When the right guy comes along who can trust, support and love me for being me –not who he wants me to become, but who I truly am – my life will be complete.

Don’t get the wrong impression, though. I’ve been single for four years, but I’m in no rush to devote myself to a guy who’s not entirely worth my time and energy. My cardinal rule is to never settle and I don’t intend on going back on that now.

The only way to move is forward along my journey in life, wishing and hoping that the right guy will come along (if he exists).

But if he doesn’t, at least I’m content with myself and confident enough to know that I’ll feel more fulfilled as an accomplished single man than as a used, jaded, broken-hearted, relationship-plagued attached one.

I’m not apologetic for who I am – and you shouldn’t be, either. Because if you aren’t yourself 100% of the time, then who are you?


  1. <3 it. You're right, it takes conviction to stick to your guns and know what you want and who you want to be. As cliché as it will sound you really can do bad all by yourself. You don't need somebody else confirming how unhappy you are. I'm overly-confident that you will find someone who compliments you as will I. Filtering out the undesirables is just a process like anything else. It can be daunting and arduous, but it's rewarding in the end because when you know the alternatives it helps you keep your focus and appreciate what you have. Get it boo.

  2. Every week I look forward to coming home and reading your blogs. As a writer you have always inspired me. I feel as though you are next to me talking through your words on the screen. I had just written you a long 30 minute response explaining how I would rather check in online and read your blog each week than watch a sitcom such as Desperate Housewives, but then the "Post Comment" button errored and erased everything I wrote. That is a story for another blog entry I suppose. Though it is my fault for hoping to write something so long without first typing up a draft in an "offline" source such as Word.

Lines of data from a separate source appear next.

lemma normalize_density:
  assumes "F \<in> borel_measurable M"
  shows "normalize (density M F) = density M (\<lambda>x. F x * (1 / evidence (density M F)))"
  using assms by (simp add: normalize_def density_density_eq)

lemma prob_space_normalize:
  assumes "0 < evidence M" "evidence M < \<top>"
  shows "prob_space (normalize M)"
proof
  have "emeasure (normalize M) (space M) = 1 / evidence M * evidence M"
    by (simp add: normalize_def emeasure_density_const evidence_def)
  then show "emeasure (normalize M) (space (normalize M)) = 1"
    using assms by (simp add: normalize_def ennreal_divide_times)
qed

lemma prob_space_normalize_density:
  assumes "F \<in> borel_measurable M" "0 < evidence (density M F)" "evidence (density M F) < \<top>"
  shows "prob_space (density M (\<lambda>x. F x * (1 / evidence (density M F))))"
  using prob_space_normalize[OF assms(2,3)] by (simp add: normalize_density[OF assms(1)])

lemma hellinger_normalize_density:
  assumes "sigma_finite_measure L"
    and [measurable]: "F \<in> borel_measurable L" "G \<in> borel_measurable L"
    and Z_F: "0 < evidence (density L F)" "evidence (density L F) < \<top>"
    and Z_G: "0 < evidence (density L G)" "evidence (density L G) < \<top>"
  shows "hellinger (normalize (density L F)) (normalize (density L G))
      = sqrt (1 - enn2real (esqrt (1 / evidence (density L F) * (1 / evidence (density L G)))
          * bhattacharyya L F G))"
    and "esqrt (1 / evidence (density L F) * (1 / evidence (density L G)))
      * bhattacharyya L F G \<le> 1"
  using prob_space_normalize_density[OF assms(2) Z_F] prob_space_normalize_density[OF assms(3) Z_G]
    bhattacharyya_le_1[OF _ _ prob_space_normalize_density[OF assms(2) Z_F]
      prob_space_normalize_density[OF assms(3) Z_G]]
  by (simp_all add: normalize_density bhattacharyya_mult_const[OF assms(2,3)]
      hellinger_density[OF assms(1)])

locale dominated_priors = sigma_finite_measure \<nu> for \<nu> :: "'a measure" +
  fixes P Q :: "'a measure"
  assumes prob_space_P: "prob_space P" and prob_space_Q: "prob_space Q"
    and ac_P: "absolutely_continuous \<nu> P" and ac_Q: "absolutely_continuous \<nu> Q"
    and sets_P: "sets P = sets \<nu>" and sets_Q: "sets Q = sets \<nu>"
begin

lemma density_RN_deriv_priors:
  "density \<nu> (RN_deriv \<nu> P) = P" "density \<nu> (RN_deriv \<nu> Q) = Q"
  using density_RN_deriv ac_P sets_P ac_Q sets_Q by simp_all

lemma AE_RN_deriv_priors_finite:
  "AE x in \<nu>. RN_deriv \<nu> P x \<noteq> \<top>" "AE x in \<nu>. RN_deriv \<nu> Q x \<noteq> \<top>"
  using RN_deriv_finite[OF prob_space_imp_sigma_finite[OF prob_space_P] ac_P sets_P]
    RN_deriv_finite[OF prob_space_imp_sigma_finite[OF prob_space_Q] ac_Q sets_Q]
  by simp_all

lemma hellinger_priors:
  "hellinger P Q = sqrt (1 - enn2real (bhattacharyya \<nu> (RN_deriv \<nu> P) (RN_deriv \<nu> Q)))"
  using hellinger_density[OF sigma_finite_measure_axioms, of "RN_deriv \<nu> P" "RN_deriv \<nu> Q"]
  by (simp add: density_RN_deriv_priors prob_space_P prob_space_Q)

lemma AE_sqrt_rd_mult:
  "AE x in \<nu>. ennreal (sqrt (rd \<nu> P x * rd \<nu> Q x)) = esqrt (RN_deriv \<nu> P x * RN_deriv \<nu> Q x)"
  using AE_RN_deriv_priors_finite
  by eventually_elim (simp add: rd_def esqrt_mult_eq_sqrt_enn2real)

lemma hypH1_imp_evidence_bhattacharyya_le:
  assumes "hypH1 g \<nu> P Q" "(\<integral>\<^sup>+x. g x \<partial>P) \<noteq> \<top>" "(\<integral>\<^sup>+x. g x \<partial>Q) \<noteq> \<top>"
  shows "esqrt ((\<integral>\<^sup>+x. g x \<partial>P) * (\<integral>\<^sup>+x. g x \<partial>Q)) * bhattacharyya \<nu> (RN_deriv \<nu> P) (RN_deriv \<nu> Q)
    \<le> (\<integral>\<^sup>+x. g x * esqrt (RN_deriv \<nu> P x * RN_deriv \<nu> Q x) \<partial>\<nu>)"
proof -
  have "(\<integral>\<^sup>+x. ennreal (sqrt (rd \<nu> P x * rd \<nu> Q x)) \<partial>\<nu>)
      = bhattacharyya \<nu> (RN_deriv \<nu> P) (RN_deriv \<nu> Q)"
    "(\<integral>\<^sup>+x. g x * ennreal (sqrt (rd \<nu> P x * rd \<nu> Q x)) \<partial>\<nu>)
      = (\<integral>\<^sup>+x. g x * esqrt (RN_deriv \<nu> P x * RN_deriv \<nu> Q x) \<partial>\<nu>)"
    unfolding bhattacharyya_def using AE_sqrt_rd_mult by (auto intro!: nn_integral_cong_AE)
  then have "(\<integral>\<^sup>+x. g x \<partial>\<nu>) * bhattacharyya \<nu> (RN_deriv \<nu> P) (RN_deriv \<nu> Q)
      \<le> (\<integral>\<^sup>+x. g x * esqrt (RN_deriv \<nu> P x * RN_deriv \<nu> Q x) \<partial>\<nu>)"
    and "esqrt ((\<integral>\<^sup>+x. g x \<partial>P) * (\<integral>\<^sup>+x. g x \<partial>Q)) \<le> (\<integral>\<^sup>+x. g x \<partial>\<nu>)"
    using assms by (simp_all add: hypH1_def esqrt_mult_eq_sqrt_enn2real)
  then show ?thesis
    by (meson mult_right_mono order_trans zero_le)
qed

lemma nn_integral_weighted_hellinger_priors:
  assumes [measurable]: "w \<in> borel_measurable \<nu>"
  shows "(\<integral>\<^sup>+x. w x * ennreal ((sqrt (rd \<nu> P x) - sqrt (rd \<nu> Q x))\<^sup>2) \<partial>\<nu>)
      + 2 * (\<integral>\<^sup>+x. w x * esqrt (RN_deriv \<nu> P x * RN_deriv \<nu> Q x) \<partial>\<nu>)
    = (\<integral>\<^sup>+x. w x \<partial>P) + (\<integral>\<^sup>+x. w x \<partial>Q)"
  using nn_integral_weighted_hellinger_identity[OF assms _ _ AE_RN_deriv_priors_finite]
  by (simp add: rd_def RN_deriv_nn_integral ac_P sets_P ac_Q sets_Q mult.commute)

lemma hypH2_imp_evidence_bhattacharyya_le:
  assumes "hypH2 g \<nu> P Q" "g \<in> borel_measurable \<nu>"
    and "(\<integral>\<^sup>+x. g x \<partial>P) \<noteq> \<top>" "(\<integral>\<^sup>+x. g x \<partial>Q) \<noteq> \<top>"
  shows "esqrt ((\<integral>\<^sup>+x. g x \<partial>P) * (\<integral>\<^sup>+x. g x \<partial>Q)) * bhattacharyya \<nu> (RN_deriv \<nu> P) (RN_deriv \<nu> Q)
    \<le> (\<integral>\<^sup>+x. g x * esqrt (RN_deriv \<nu> P x * RN_deriv \<nu> Q x) \<partial>\<nu>)"
proof -
  define S where "S = esqrt ((\<integral>\<^sup>+x. g x \<partial>P) * (\<integral>\<^sup>+x. g x \<partial>Q))"
  define BC where "BC = bhattacharyya \<nu> (RN_deriv \<nu> P) (RN_deriv \<nu> Q)"
  define I where "I = (\<integral>\<^sup>+x. g x * esqrt (RN_deriv \<nu> P x * RN_deriv \<nu> Q x) \<partial>\<nu>)"
  define X where "X x = ennreal ((sqrt (rd \<nu> P x) - sqrt (rd \<nu> Q x))\<^sup>2)" for x
  define D GD where "D = (\<integral>\<^sup>+x. X x \<partial>\<nu>)" and "GD = (\<integral>\<^sup>+x. g x * X x \<partial>\<nu>)"
  have D: "D + 2 * BC = 2"
    using nn_integral_weighted_hellinger_priors[of "\<lambda>_. 1"]
    by (simp add: D_def X_def BC_def bhattacharyya_def one_add_one
        prob_space.emeasure_space_1[OF prob_space_P] prob_space.emeasure_space_1[OF prob_space_Q])
  have GD: "GD + 2 * I = (\<integral>\<^sup>+x. g x \<partial>P) + (\<integral>\<^sup>+x. g x \<partial>Q)"
    using nn_integral_weighted_hellinger_priors[OF assms(2)] by (simp add: GD_def X_def I_def)
  have "GD \<le> (\<integral>\<^sup>+x. g x \<partial>\<nu>) * D" "(\<integral>\<^sup>+x. g x \<partial>\<nu>) \<le> S"
    using assms(1,3,4)
    by (simp_all add: hypH2_def GD_def D_def X_def S_def esqrt_mult_eq_sqrt_enn2real)
  then have GD_le: "GD \<le> S * D"
    by (meson mult_right_mono order_trans zero_le)
  have "S \<noteq> \<top>" "D \<noteq> \<top>"
    using assms(3,4) D by (auto simp: S_def esqrt_def ennreal_mult_eq_top_iff)
  have "S * D + 2 * (S * BC) = S * (D + 2 * BC)"
    by (simp add: distrib_left mult.left_commute)
  also have "\<dots> = 2 * S"
    using D by (simp add: mult.commute)
  also have "\<dots> \<le> (\<integral>\<^sup>+x. g x \<partial>P) + (\<integral>\<^sup>+x. g x \<partial>Q)"
    unfolding S_def by (rule esqrt_mult_le_add)
  also have "\<dots> \<le> S * D + 2 * I"
    unfolding GD[symmetric] using GD_le by (rule add_right_mono)
  finally have "2 * (S * BC) \<le> 2 * I"
    using \<open>S \<noteq> \<top>\<close> \<open>D \<noteq> \<top>\<close> by (simp add: ennreal_add_left_cancel_le ennreal_mult_eq_top_iff)
  then show ?thesis
    by (simp add: S_def BC_def I_def ennreal_mult_le_mult_iff)
qed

    Back to the point, your entry reminds me of this past week's episode of Grey's Anatomy. One of the characters, Christina Yang, explains how she made changes to herself for a previous character, Burke. She laments that throughout their relationship she slowly changes for Burke, sometimes without even knowing. One day she might agree to skip a surgery and the next she might even lie. By the time she looks in the mirror to get married she could not even recognize herself.

    Your entry hits this point home. No matter what be yourself. ALWAYS. We have all made changes in our lives, how could you not? If you never texted in college and hated people who did, because you could always call, but now you work a 9 to 5 and can only text your roommate that you will be home late, you have changed. But these are healthy personally acquired changes. I agree with you, the day you start changing for someone else is dangerous.

    It might be days, weeks, months, or years, but one day, like Christina, you will look into a mirror or sit down on a quite Sunday and it will hit you. You don't even know who you are or how you got there, and I will be the first to say, this is a rough day. I was at that point during Christmas break of my Junior year of college. I realized I didn't know who I was or how I was handling my life. That's a rough moment to come upon.

    What is important however is to have friends around that help out. For me, boys definitely come and go, but friends can last forever. As I have said many and many times, your way of writing brings you closer to me. No matter what, through your blog, twitter, texts, or even the occasional phone call, I can say we are friends that can last forever.

    As for me, time to copy this version into Word before I hit post.